Refinance Before Your Loan Matures, Not After
A wave of commercial loans written in the low-rate years is coming due. Refinance early to lower your payment, pull out equity, or replace maturing debt on your own timeline.
Rate-and-Term and Cash-Out Refinancing for Commercial Property
A commercial refinance replaces your existing loan with new debt, either to improve the rate and term or to pull equity out of the property through a cash-out. The timing matters more than ever. A large share of commercial mortgages written during the low-rate years are hitting maturity, and many were underwritten at values and rates that no longer hold. Refinancing ahead of that maturity wall gives owners room to restructure on their own schedule instead of scrambling when the balloon comes due. A rate-and-term refinance lowers your monthly payment or extends your amortization without changing the loan balance much. A cash-out refinance taps the equity you have built to fund improvements, acquire another property, or return capital to investors. The catch on many existing loans is the exit cost. CMBS and life company loans often carry defeasance or yield maintenance provisions that make an early payoff expensive, and we model those costs before recommending a refinance so the numbers actually work. CapitalAx places refinances through banks, credit unions, agency lenders, CMBS conduits, and life insurance companies across every major property type.
Key Terms
Who Is It For
- Owners facing a loan maturity or balloon payment in the next 12 to 24 months
- Borrowers looking to lower a rate or extend amortization on an existing loan
- Investors who want to pull built-up equity out through a cash-out refinance
- Property owners exiting a bridge or construction loan into permanent debt
- Sponsors returning capital to partners without selling the asset
Common Use Cases
- Rate-and-term refinance to lower payments or extend the amortization schedule
- Cash-out refinance to fund improvements, acquisitions, or investor distributions
- Replacing maturing debt ahead of a balloon payment
- Refinancing out of a bridge or construction loan into permanent financing
- Restructuring loan terms as property income grows
Borrower Scenarios
- An owner of a 40-unit apartment building with a CMBS loan maturing in 18 months, starting a rate-and-term refinance early to replace 5.5% debt before the balloon, and modeling a $180K defeasance cost against the new terms to confirm the move penciled.

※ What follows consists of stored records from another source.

(* Let $(X,\overline p)$ be a perverse CS set with singular set $\Sigma$. For every point $x\in X$ there exists a path $\beta\colon[0,1]\to X$ with $\beta(0)=x$ and $\beta(]0,1])\subseteq X\setminus\Sigma$. Consequently, the map $\pi_0(X\setminus\Sigma)\to\pi_0^{\overline p}(X)$ is surjective; this map sends the component of a regular point $y$ to the component of the $0$-simplex $y$ in $\mathscr G_{\overline p}X$.
   Context: Filtered spaces. A filtered space of formal dimension $n$ is a nonempty space $X$ with closed subsets $\emptyset=X_{-1}\subseteq\cdots\subseteq X_{n-1}\subsetneq X_n=X$. Strata are the nonempty connected components of $X_i\setminus X_{i-1}$, with codimension $n-i$. The singular set is $\Sigma=X_{n-1}$; points of $X\setminus\Sigma$ are regular. CS sets. A CS set is a filtered space satisfying: - each $X_i\setminus X_{i-1}$ is an $i$-manifold; - each $x\in X_i\setminus X_{i-1}$ with $i\ne n$ has an open neighborhood $V$ and a stratified homeomorphism $\varphi\colon U\times\mathring cL\to V$ with $\varphi(u,\mathtt v)=u$ and $\varphi(U\times\mathring cL_j)=V\cap X_{i+j+1}$. Here $U$ is an open neighborhood of $x$ in $X_i\setminus X_{i-1}$, $L$ is a nonempty compact filtered space of formal dimension $n-i-1$, and $\mathring cL=L\times[0,1[/L\times0$ has apex $\mathtt v$ and filtration $\mathring cL_{i-1}$ in degree $i$. A stratified homeomorphism is a homeomorphism which, with its inverse, sends each stratum into a stratum of no larger codimension. Perversities. A perversity is a map $\overline p$ from strata to $\mathbb Z\cup\{\pm\infty\}$ vanishing on regular strata. Full simplices and the Gajer space. A simplex $\sigma\colon\Delta^j\to X$ is $\overline p$-allowable if $\dim\sigma^{-1}S\le j-\operatorname{codim}S+\overline p(S)$ for all singular strata $S$. Here $\dim$ is polyhedral dimension, with $\dim\emptyset=-\infty$. A simplex is $\overline p$-full if it and all its iterated faces are allowable. $\mathscr G_{\overline p}X\subseteq\mathrm{Sing}\,X$ is the simplicial set of full simplices, and $\pi_0^{\overline p}(X)=\pi_0(\mathscr G_{\overline p}X)$. Every regular point, as a $0$-simplex, is $\overline p$-full. *)

theory Defs
  imports "HOL-Analysis.Analysis" "HOL-Homology.Homology"
begin

text \<open>Only the values F i for -1 \<le> i \<le> n are relevant.\<close>

definition filtered_space :: "'a topology \<Rightarrow> int \<Rightarrow> (int \<Rightarrow> 'a set) \<Rightarrow> bool" where
  "filtered_space X n F \<longleftrightarrow>
     topspace X \<noteq> {} \<and> 0 \<le> n \<and> F (-1) = {} \<and> F n = topspace X \<and>
     (\<forall>i. -1 \<le> i \<and> i \<le> n \<longrightarrow> closedin X (F i)) \<and>
     (\<forall>i. -1 \<le> i \<and> i < n \<longrightarrow> F i \<subseteq> F (i + 1)) \<and>
     F (n - 1) \<noteq> F n"

definition strata_deg :: "'a topology \<Rightarrow> (int \<Rightarrow> 'a set) \<Rightarrow> int \<Rightarrow> 'a set set" where
  "strata_deg X F i = connected_components_of (subtopology X (F i - F (i - 1)))"

definition strata :: "'a topology \<Rightarrow> int \<Rightarrow> (int \<Rightarrow> 'a set) \<Rightarrow> 'a set set" where
  "strata X n F = (\<Union>i\<in>{0..n}. strata_deg X F i)"

definition stratum_deg :: "'a topology \<Rightarrow> int \<Rightarrow> (int \<Rightarrow> 'a set) \<Rightarrow> 'a set \<Rightarrow> int" where
  "stratum_deg X n F S = (THE i. 0 \<le> i \<and> i \<le> n \<and> S \<in> strata_deg X F i)"

definition codim :: "'a topology \<Rightarrow> int \<Rightarrow> (int \<Rightarrow> 'a set) \<Rightarrow> 'a set \<Rightarrow> int" where
  "codim X n F S = n - stratum_deg X n F S"

definition stratum_preserving ::
  "'a topology \<Rightarrow> int \<Rightarrow> (int \<Rightarrow> 'a set) \<Rightarrow> 'b topology \<Rightarrow> int \<Rightarrow> (int \<Rightarrow> 'b set)
     \<Rightarrow> ('a \<Rightarrow> 'b) \<Rightarrow> bool" where
  "stratum_preserving X n F Y m G f \<longleftrightarrow>
     (\<forall>S\<in>strata X n F. \<exists>S'\<in>strata Y m G. f ` S \<subseteq> S' \<and> codim Y m G S' \<le> codim X n F S)"

definition stratified_homeomorphism ::
  "'a topology \<Rightarrow> int \<Rightarrow> (int \<Rightarrow> 'a set) \<Rightarrow> 'b topology \<Rightarrow> int \<Rightarrow> (int \<Rightarrow> 'b set)
     \<Rightarrow> ('a \<Rightarrow> 'b) \<Rightarrow> bool" where
  "stratified_homeomorphism X n F Y m G f \<longleftrightarrow>
     (\<exists>g. homeomorphic_maps X Y f g \<and> stratum_preserving X n F Y m G f \<and>
          stratum_preserving Y m G X n F g)"

text \<open>Points of the open cone on L: None is the apex, Some (l,t) with 0<t<1 the class of (l,t).\<close>

definition cone_quot :: "'b \<times> real \<Rightarrow> ('b \<times> real) option" where
  "cone_quot p = (if snd p = 0 then None else Some p)"

definition cone_base :: "'b topology \<Rightarrow> ('b \<times> real) topology" where
  "cone_base L = prod_topology L (subtopology euclideanreal {0..<1})"

definition cone_top :: "'b topology \<Rightarrow> ('b \<times> real) option topology" where
  "cone_top L = topology (\<lambda>U. U \<subseteq> cone_quot ` topspace (cone_base L) \<and>
                   openin (cone_base L) {p \<in> topspace (cone_base L). cone_quot p \<in> U})"

text \<open>The filtration of the open cone: degree k piece is the open cone on L_(k-1),
  where the cone on the empty set is the apex.\<close>

definition cone_filt :: "(int \<Rightarrow> 'b set) \<Rightarrow> int \<Rightarrow> ('b \<times> real) option set" where
  "cone_filt G k = (if k < 0 then {} else insert None (Some ` (G (k - 1) \<times> {0<..<1})))"

definition is_manifold :: "'a topology \<Rightarrow> nat \<Rightarrow> bool" where
  "is_manifold M d \<longleftrightarrow> Hausdorff_space M \<and>
     (\<forall>x\<in>topspace M. \<exists>W E. openin M W \<and> x \<in> W \<and> openin (Euclidean_space d) E \<and>
        subtopology M W homeomorphic_space subtopology (Euclidean_space d) E)"

text \<open>CS set, with links taken in the type 'b (the theorem is stated for arbitrary 'b,
  which is equivalent to allowing links of arbitrary type).\<close>

definition CS_set :: "'b itself \<Rightarrow> 'a topology \<Rightarrow> int \<Rightarrow> (int \<Rightarrow> 'a set) \<Rightarrow> bool" where
  "CS_set (_ :: 'b itself) X n F \<longleftrightarrow>
     filtered_space X n F \<and>
     (\<forall>i. 0 \<le> i \<and> i \<le> n \<longrightarrow> is_manifold (subtopology X (F i - F (i - 1))) (nat i)) \<and>
     (\<forall>i x. 0 \<le> i \<and> i < n \<and> x \<in> F i - F (i - 1) \<longrightarrow>
        (\<exists>U V (L :: 'b topology) G (\<phi> :: 'a \<times> ('b \<times> real) option \<Rightarrow> 'a).
           openin (subtopology X (F i - F (i - 1))) U \<and> x \<in> U \<and>
           openin X V \<and> x \<in> V \<and>
           filtered_space L (n - i - 1) G \<and> compact_space L \<and>
           stratified_homeomorphism
             (prod_topology (subtopology X U) (cone_top L)) n (\<lambda>k. U \<times> cone_filt G (k - i))
             (subtopology X V) n (\<lambda>k. V \<inter> F k) \<phi> \<and>
           (\<forall>u\<in>U. \<phi> (u, None) = u) \<and>
           (\<forall>j. -1 \<le> j \<and> j \<le> n - i - 1 \<longrightarrow>
              \<phi> ` (U \<times> cone_filt G (j + 1)) = V \<inter> F (i + j + 1))))"

definition perversity :: "'a topology \<Rightarrow> int \<Rightarrow> (int \<Rightarrow> 'a set) \<Rightarrow> ('a set \<Rightarrow> ereal) \<Rightarrow> bool" where
  "perversity X n F p \<longleftrightarrow>
     (\<forall>S\<in>strata X n F. (p S = \<infinity> \<or> p S = -\<infinity> \<or> (\<exists>k::int. p S = ereal (of_int k))) \<and>
                        (codim X n F S = 0 \<longrightarrow> p S = 0))"

definition aff_simplex :: "nat \<Rightarrow> (nat \<Rightarrow> nat \<Rightarrow> real) \<Rightarrow> (nat \<Rightarrow> real) set" where
  "aff_simplex l v = (\<lambda>t. \<lambda>i. \<Sum>k\<le>l. t k * v k i) ` standard_simplex l"

text \<open>A is contained in a compact polyhedron of dimension at most l inside the j-simplex
  (a finite union of affine l-simplices, possibly degenerate).\<close>

definition in_polyhedron_dim :: "nat \<Rightarrow> (nat \<Rightarrow> real) set \<Rightarrow> nat \<Rightarrow> bool" where
  "in_polyhedron_dim j A l \<longleftrightarrow>
     (\<exists>Vs. finite Vs \<and> (\<forall>v\<in>Vs. \<forall>k\<le>l. v k \<in> standard_simplex j) \<and> A \<subseteq> (\<Union>v\<in>Vs. aff_simplex l v))"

- An industrial property owner with $6M of equity built over eight years, using a cash-out refinance to pull $3.5M and fund the acquisition of a second warehouse without selling the first.
- A sponsor exiting a 24-month bridge loan on a repositioned retail center now stabilized at 94% occupancy, refinancing into a 10-year fixed permanent loan at 7% with a life company lender.
- A multifamily owner facing a balloon payment on a $12M loan, refinancing 14 months ahead of maturity into agency debt with a 30-year amortization to lower the monthly payment and lock a fixed rate.
Why CapitalAx
Frequently Asked Questions
When should I refinance a commercial property?
The best time to start is 12 to 24 months before your current loan matures. Beginning early gives you room to shop lenders, address any property or occupancy issues, and lock terms before you are forced to refinance at maturity. With a large volume of loans reaching their balloon dates, lenders are busy, so starting early protects you from a rushed and expensive payoff.
What is the maturity wall?
It refers to the large volume of commercial mortgages, many written during the low-rate years, that are coming due at roughly the same time. Many of these loans were underwritten at higher values and lower rates than the current market supports, which makes refinancing more complicated. Planning ahead of your own maturity date keeps you from competing for capital at the worst possible moment.
What are defeasance and yield maintenance?
Both are prepayment structures that protect the lender's expected yield if you pay off early. Yield maintenance charges a fee that makes the lender whole on the interest it would have earned. Defeasance replaces your loan collateral with a portfolio of securities that produces the same cash flow. CMBS and life company loans commonly include one of these, and the cost can be significant, so we calculate it before recommending a refinance.